> **WORK TO COMPLETE**: Go through the material below and count the lines containing the word "open". Give that number by itself.

━━━━━━━━━━

lemma exists_tilted_face:
  fixes S :: "(real ^ 'n) set"
  defines "\<Delta> \<equiv> newton_polyhedron_of S"
  assumes "finite S" and pos: "\<forall>k. 0 < \<xi>0 $ k" and a_face: "a \<in> face_dir \<Delta> \<xi>0"
    and "\<xi> \<in> nonneg_orthant" "s0 \<in> S" "\<xi> \<bullet> s0 < \<xi> \<bullet> a"
  obtains \<eta> s1 where "\<forall>k. 0 < \<eta> $ k" "a \<in> face_dir \<Delta> \<eta>" "s1 \<in> face_dir \<Delta> \<eta>" "\<xi> \<bullet> s1 < \<xi> \<bullet> a"
    "\<And>x. \<xi>0 \<bullet> x = \<xi>0 \<bullet> a \<Longrightarrow> \<xi> \<bullet> x = \<xi> \<bullet> a \<Longrightarrow> \<eta> \<bullet> x = \<eta> \<bullet> a"
proof -
  have "\<forall>s\<in>S. 0 \<le> \<xi>0 \<bullet> s - \<xi>0 \<bullet> a"
    using a_face subset_newton_polyhedron_of[of S] unfolding face_dir_def \<Delta>_def by auto
  then obtain \<theta> s1 where \<theta>: "0 \<le> \<theta>" "\<theta> < 1" and s1: "s1 \<in> S" "\<xi> \<bullet> s1 - \<xi> \<bullet> a < 0"
    and tangent: "(1 - \<theta>) * (\<xi>0 \<bullet> s1 - \<xi>0 \<bullet> a) + \<theta> * (\<xi> \<bullet> s1 - \<xi> \<bullet> a) = 0"
    and supporting: "\<forall>s\<in>S. 0 \<le> (1 - \<theta>) * (\<xi>0 \<bullet> s - \<xi>0 \<bullet> a) + \<theta> * (\<xi> \<bullet> s - \<xi> \<bullet> a)"
    using exists_tilt_to_new_zero[of S "\<lambda>s. \<xi>0 \<bullet> s - \<xi>0 \<bullet> a" s0 "\<lambda>s. \<xi> \<bullet> s - \<xi> \<bullet> a"]
      \<open>finite S\<close> \<open>s0 \<in> S\<close> \<open>\<xi> \<bullet> s0 < \<xi> \<bullet> a\<close> by auto
  define \<eta> where "\<eta> = (1 - \<theta>) *\<^sub>R \<xi>0 + \<theta> *\<^sub>R \<xi>"
  have \<eta>_diff: "\<eta> \<bullet> x - \<eta> \<bullet> a = (1 - \<theta>) * (\<xi>0 \<bullet> x - \<xi>0 \<bullet> a) + \<theta> * (\<xi> \<bullet> x - \<xi> \<bullet> a)" for x
    by (simp add: \<eta>_def inner_add_left algebra_simps)
  have \<eta>_pos: "\<forall>k. 0 < \<eta> $ k"
    using pos \<theta> \<open>\<xi> \<in> nonneg_orthant\<close>
    by (auto simp: \<eta>_def mem_nonneg_orthant intro!: add_pos_nonneg)
  then have "\<eta> \<in> nonneg_orthant"
    by (simp add: mem_nonneg_orthant less_imp_le)
  moreover have "\<forall>s\<in>S. \<eta> \<bullet> a \<le> \<eta> \<bullet> s"
    using supporting \<eta>_diff by (metis diff_ge_0_iff_ge)
  ultimately have "\<eta> \<bullet> a \<le> \<eta> \<bullet> q" if "q \<in> \<Delta>" for q
    using newton_polyhedron_of_inner_ge that unfolding \<Delta>_def by blast
  then have in_face: "x \<in> face_dir \<Delta> \<eta>" if "x \<in> \<Delta>" "\<eta> \<bullet> x = \<eta> \<bullet> a" for x
    using that by (simp add: face_dir_def)
  show ?thesis
  proof (rule that[OF \<eta>_pos])
    show "a \<in> face_dir \<Delta> \<eta>"
      using a_face face_dir_subset in_face by blast
    show "s1 \<in> face_dir \<Delta> \<eta>"
      using in_face \<eta>_diff[of s1] tangent s1(1) subset_newton_polyhedron_of[of S]
      unfolding \<Delta>_def by auto
    show "\<eta> \<bullet> x = \<eta> \<bullet> a" if "\<xi>0 \<bullet> x = \<xi>0 \<bullet> a" "\<xi> \<bullet> x = \<xi> \<bullet> a" for x
      using \<eta>_diff[of x] that by simp
  qed (use s1 in simp)
qed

━━━━━━━━━━

> **RESPONSE TO THE TASK**: 2